• Extracted records:
(* Let $K\ge2$, $\sigma^2>0$, $\bm\theta\in\Theta$, and let $(\beta_K,\beta_{K-1},\dots,\beta_2)$ be nonnegative batch weights summing to $1$. Then the batched arm elimination design $\mathtt{BAE}$ with these weights satisfies $$\mathfrak e^{\mathtt{BAE}}_{\bm\theta}\ \ge\ \min_{n\in\{K,K-1,\dots,2\}} w_n\,\Gamma_{\bm\theta,n}.$$
   Context: Sampling model: $K$ arms with unknown $\bm\theta\in\mathbb{R}^K$; potential outcomes $Y_{t,i}$ ($t\in[T]$, $i\in[K]$) are independent with $Y_{t,i}\sim\mathcal N(\theta_i,\sigma^2)$, $\sigma^2>0$ known. A policy chooses $I_t$ based on the past history of chosen arms and observed outcomes, observes only $Y_{t,I_t}$, and outputs a deployed arm $\hat I_T$ after $T$ units. $\Theta$: set of $\bm\theta$ with a unique best arm $I^*=\arg\max_i\theta_i$. Regret: $\mathfrak R^\pi_{\bm\theta,T}=\max_i\theta_i-\mathbb E^\pi_{\bm\theta,T}[\theta_{\hat I_T}]$; efficiency exponent $\mathfrak e^\pi_{\bm\theta}=\liminf_{T\to\infty}-\frac1T\ln\mathfrak R^\pi_{\bm\theta,T}$. Batched arm elimination (BAE) with weights $(\beta_K,\dots,\beta_2)$: maintain a candidate set $C$, initially $[K]$. Let $N_{t,i}$ be the number of units among the first $t$ assigned to arm $i$ and $m_{t,i}$ the empirical mean of the observed outcomes of arm $i$ among them ($0$ if $N_{t,i}=0$). For $t=1,\dots,T$: assign $I_t\in\arg\min_{i\in C}N_{t-1,i}$ (round robin, ties broken arbitrarily). For $n=K,K-1,\dots,2$ let $T_n=(\beta_K+\dots+\beta_n)T$ (rounded to an integer); at time $t=T_n$ (processing $n$ in decreasing order when several $T_n$ coincide), the current candidate set $C_n$ has $n$ arms and an arm $\ell_n\in\arg\min_{i\in C_n}m_{t,i}$ is removed from $C$. The output $\hat I_T$ is the single remaining arm. Define $w_n=\frac{\beta_K}{K}+\frac{\beta_{K-1}}{K-1}+\dots+\frac{\beta_n}{n}$. Let $\mathcal J_{\bm\theta,n}=\{J\subseteq[K]:|J|=n,\ I^*\in J\}$, $\Lambda_{\bm\theta,J}=\{\bm\lambda\in\mathbb R^K:\lambda_{I^*}\le\min_{i\in J}\lambda_i\}$, and $$\Gamma_{\bm\theta,n}=\min_{J\in\mathcal J_{\bm\theta,n}}\ \inf_{\bm\lambda\in\Lambda_{\bm\theta,J}}\sum_{i\in J}\frac{(\lambda_i-\theta_i)^2}{2\sigma^2}.$$ *)

theory Defs
  imports "HOL-Probability.Probability"
begin

text \<open>Arms are indexed by 0,...,K-1; units by 1..T, where the outcome of unit t
  on arm i is Y (t-1, i). The noise standard deviation is sigma (variance sigma^2).\<close>

definition unique_best :: "nat \<Rightarrow> (nat \<Rightarrow> real) \<Rightarrow> bool" where
  "unique_best K \<theta> \<longleftrightarrow> (\<exists>i<K. \<forall>j<K. j \<noteq> i \<longrightarrow> \<theta> j < \<theta> i)"

definition best_arm :: "nat \<Rightarrow> (nat \<Rightarrow> real) \<Rightarrow> nat" where
  "best_arm K \<theta> = (THE i. i < K \<and> (\<forall>j<K. j \<noteq> i \<longrightarrow> \<theta> j < \<theta> i))"

definition wgt :: "nat \<Rightarrow> (nat \<Rightarrow> real) \<Rightarrow> nat \<Rightarrow> real" where
  "wgt K \<beta> n = (\<Sum>m\<in>{n..K}. \<beta> m / real m)"

definition Gamma :: "nat \<Rightarrow> real \<Rightarrow> (nat \<Rightarrow> real) \<Rightarrow> nat \<Rightarrow> real" where
  "Gamma K \<sigma> \<theta> n =
     Min ((\<lambda>J. Inf ((\<lambda>lam. \<Sum>i\<in>J. (lam i - \<theta> i)\<^sup>2 / (2 * \<sigma>\<^sup>2)) `
                     {lam. \<forall>i\<in>J. lam (best_arm K \<theta>) \<le> lam i}))
          ` {J. J \<subseteq> {..<K} \<and> card J = n \<and> best_arm K \<theta> \<in> J})"

definition elim_time :: "nat \<Rightarrow> (nat \<Rightarrow> real) \<Rightarrow> nat \<Rightarrow> nat \<Rightarrow> nat" where
  "elim_time K \<beta> T n = nat \<lfloor>(\<Sum>m\<in>{n..K}. \<beta> m) * real T\<rfloor>"

text \<open>State: candidate set, counts N, sums of observed outcomes S.\<close>
type_synonym bae_state = "nat set \<times> (nat \<Rightarrow> nat) \<times> (nat \<Rightarrow> real)"

definition emp_mean :: "(nat \<Rightarrow> nat) \<Rightarrow> (nat \<Rightarrow> real) \<Rightarrow> nat \<Rightarrow> real" where
  "emp_mean N S i = (if N i = 0 then 0 else S i / real (N i))"

text \<open>Tie-breaking rules: tb T t A selects an element of the tie set A
  (for assignment at unit t resp. elimination at time t, horizon T).\<close>

definition elim_one ::
  "(nat \<Rightarrow> nat \<Rightarrow> nat set \<Rightarrow> nat) \<Rightarrow> nat \<Rightarrow> (nat \<Rightarrow> real) \<Rightarrow> nat \<Rightarrow> nat \<Rightarrow> bae_state \<Rightarrow> nat \<Rightarrow> bae_state" where
  "elim_one te K \<beta> T t st n =
     (case st of (C, N, S) \<Rightarrow>
        if elim_time K \<beta> T n = t
        then (C - {te T t {i \<in> C. \<forall>j\<in>C. emp_mean N S i \<le> emp_mean N S j}}, N, S)
        else (C, N, S))"

definition elim_all ::
  "(nat \<Rightarrow> nat \<Rightarrow> nat set \<Rightarrow> nat) \<Rightarrow> nat \<Rightarrow> (nat \<Rightarrow> real) \<Rightarrow> nat \<Rightarrow> nat \<Rightarrow> bae_state \<Rightarrow> bae_state" where
  "elim_all te K \<beta> T t st = foldl (elim_one te K \<beta> T t) st (rev [2..<Suc K])"

definition assign_step ::
  "(nat \<Rightarrow> nat \<Rightarrow> nat set \<Rightarrow> nat) \<Rightarrow> nat \<Rightarrow> nat \<Rightarrow> (nat \<times> nat \<Rightarrow> real) \<Rightarrow> bae_state \<Rightarrow> bae_state" where
  "assign_step ta T t Y st =
     (case st of (C, N, S) \<Rightarrow>
        let i = ta T (Suc t) {i \<in> C. \<forall>j\<in>C. N i \<le> N j}
        in (C, N(i := Suc (N i)), S(i := S i + Y (t, i))))"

• TASK STATEMENT:
All the data above is to be given again, exactly.

• THE ANSWER:
(* Let $K\ge2$, $\sigma^2>0$, $\bm\theta\in\Theta$, and let $(\beta_K,\beta_{K-1},\dots,\beta_2)$ be nonnegative batch weights summing to $1$. Then the batched arm elimination design $\mathtt{BAE}$ with these weights satisfies $$\mathfrak e^{\mathtt{BAE}}_{\bm\theta}\ \ge\ \min_{n\in\{K,K-1,\dots,2\}} w_n\,\Gamma_{\bm\theta,n}.$$
   Context: Sampling model: $K$ arms with unknown $\bm\theta\in\mathbb{R}^K$; potential outcomes $Y_{t,i}$ ($t\in[T]$, $i\in[K]$) are independent with $Y_{t,i}\sim\mathcal N(\theta_i,\sigma^2)$, $\sigma^2>0$ known. A policy chooses $I_t$ based on the past history of chosen arms and observed outcomes, observes only $Y_{t,I_t}$, and outputs a deployed arm $\hat I_T$ after $T$ units. $\Theta$: set of $\bm\theta$ with a unique best arm $I^*=\arg\max_i\theta_i$. Regret: $\mathfrak R^\pi_{\bm\theta,T}=\max_i\theta_i-\mathbb E^\pi_{\bm\theta,T}[\theta_{\hat I_T}]$; efficiency exponent $\mathfrak e^\pi_{\bm\theta}=\liminf_{T\to\infty}-\frac1T\ln\mathfrak R^\pi_{\bm\theta,T}$. Batched arm elimination (BAE) with weights $(\beta_K,\dots,\beta_2)$: maintain a candidate set $C$, initially $[K]$. Let $N_{t,i}$ be the number of units among the first $t$ assigned to arm $i$ and $m_{t,i}$ the empirical mean of the observed outcomes of arm $i$ among them ($0$ if $N_{t,i}=0$). For $t=1,\dots,T$: assign $I_t\in\arg\min_{i\in C}N_{t-1,i}$ (round robin, ties broken arbitrarily). For $n=K,K-1,\dots,2$ let $T_n=(\beta_K+\dots+\beta_n)T$ (rounded to an integer); at time $t=T_n$ (processing $n$ in decreasing order when several $T_n$ coincide), the current candidate set $C_n$ has $n$ arms and an arm $\ell_n\in\arg\min_{i\in C_n}m_{t,i}$ is removed from $C$. The output $\hat I_T$ is the single remaining arm. Define $w_n=\frac{\beta_K}{K}+\frac{\beta_{K-1}}{K-1}+\dots+\frac{\beta_n}{n}$. Let $\mathcal J_{\bm\theta,n}=\{J\subseteq[K]:|J|=n,\ I^*\in J\}$, $\Lambda_{\bm\theta,J}=\{\bm\lambda\in\mathbb R^K:\lambda_{I^*}\le\min_{i\in J}\lambda_i\}$, and $$\Gamma_{\bm\theta,n}=\min_{J\in\mathcal J_{\bm\theta,n}}\ \inf_{\bm\lambda\in\Lambda_{\bm\theta,J}}\sum_{i\in J}\frac{(\lambda_i-\theta_i)^2}{2\sigma^2}.$$ *)

theory Defs
  imports "HOL-Probability.Probability"
begin

text \<open>Arms are indexed by 0,...,K-1; units by 1..T, where the outcome of unit t
  on arm i is Y (t-1, i). The noise standard deviation is sigma (variance sigma^2).\<close>

definition unique_best :: "nat \<Rightarrow> (nat \<Rightarrow> real) \<Rightarrow> bool" where
  "unique_best K \<theta> \<longleftrightarrow> (\<exists>i<K. \<forall>j<K. j \<noteq> i \<longrightarrow> \<theta> j < \<theta> i)"

definition best_arm :: "nat \<Rightarrow> (nat \<Rightarrow> real) \<Rightarrow> nat" where
  "best_arm K \<theta> = (THE i. i < K \<and> (\<forall>j<K. j \<noteq> i \<longrightarrow> \<theta> j < \<theta> i))"

definition wgt :: "nat \<Rightarrow> (nat \<Rightarrow> real) \<Rightarrow> nat \<Rightarrow> real" where
  "wgt K \<beta> n = (\<Sum>m\<in>{n..K}. \<beta> m / real m)"

definition Gamma :: "nat \<Rightarrow> real \<Rightarrow> (nat \<Rightarrow> real) \<Rightarrow> nat \<Rightarrow> real" where
  "Gamma K \<sigma> \<theta> n =
     Min ((\<lambda>J. Inf ((\<lambda>lam. \<Sum>i\<in>J. (lam i - \<theta> i)\<^sup>2 / (2 * \<sigma>\<^sup>2)) `
                     {lam. \<forall>i\<in>J. lam (best_arm K \<theta>) \<le> lam i}))
          ` {J. J \<subseteq> {..<K} \<and> card J = n \<and> best_arm K \<theta> \<in> J})"

definition elim_time :: "nat \<Rightarrow> (nat \<Rightarrow> real) \<Rightarrow> nat \<Rightarrow> nat \<Rightarrow> nat" where
  "elim_time K \<beta> T n = nat \<lfloor>(\<Sum>m\<in>{n..K}. \<beta> m) * real T\<rfloor>"

text \<open>State: candidate set, counts N, sums of observed outcomes S.\<close>
type_synonym bae_state = "nat set \<times> (nat \<Rightarrow> nat) \<times> (nat \<Rightarrow> real)"

definition emp_mean :: "(nat \<Rightarrow> nat) \<Rightarrow> (nat \<Rightarrow> real) \<Rightarrow> nat \<Rightarrow> real" where
  "emp_mean N S i = (if N i = 0 then 0 else S i / real (N i))"

text \<open>Tie-breaking rules: tb T t A selects an element of the tie set A
  (for assignment at unit t resp. elimination at time t, horizon T).\<close>

definition elim_one ::
  "(nat \<Rightarrow> nat \<Rightarrow> nat set \<Rightarrow> nat) \<Rightarrow> nat \<Rightarrow> (nat \<Rightarrow> real) \<Rightarrow> nat \<Rightarrow> nat \<Rightarrow> bae_state \<Rightarrow> nat \<Rightarrow> bae_state" where
  "elim_one te K \<beta> T t st n =
     (case st of (C, N, S) \<Rightarrow>
        if elim_time K \<beta> T n = t
        then (C - {te T t {i \<in> C. \<forall>j\<in>C. emp_mean N S i \<le> emp_mean N S j}}, N, S)
        else (C, N, S))"

definition elim_all ::
  "(nat \<Rightarrow> nat \<Rightarrow> nat set \<Rightarrow> nat) \<Rightarrow> nat \<Rightarrow> (nat \<Rightarrow> real) \<Rightarrow> nat \<Rightarrow> nat \<Rightarrow> bae_state \<Rightarrow> bae_state" where
  "elim_all te K \<beta> T t st = foldl (elim_one te K \<beta> T t) st (rev [2..<Suc K])"

definition assign_step ::
  "(nat \<Rightarrow> nat \<Rightarrow> nat set \<Rightarrow> nat) \<Rightarrow> nat \<Rightarrow> nat \<Rightarrow> (nat \<times> nat \<Rightarrow> real) \<Rightarrow> bae_state \<Rightarrow> bae_state" where
  "assign_step ta T t Y st =
     (case st of (C, N, S) \<Rightarrow>
        let i = ta T (Suc t) {i \<in> C. \<forall>j\<in>C. N i \<le> N j}
        in (C, N(i := Suc (N i)), S(i := S i + Y (t, i))))"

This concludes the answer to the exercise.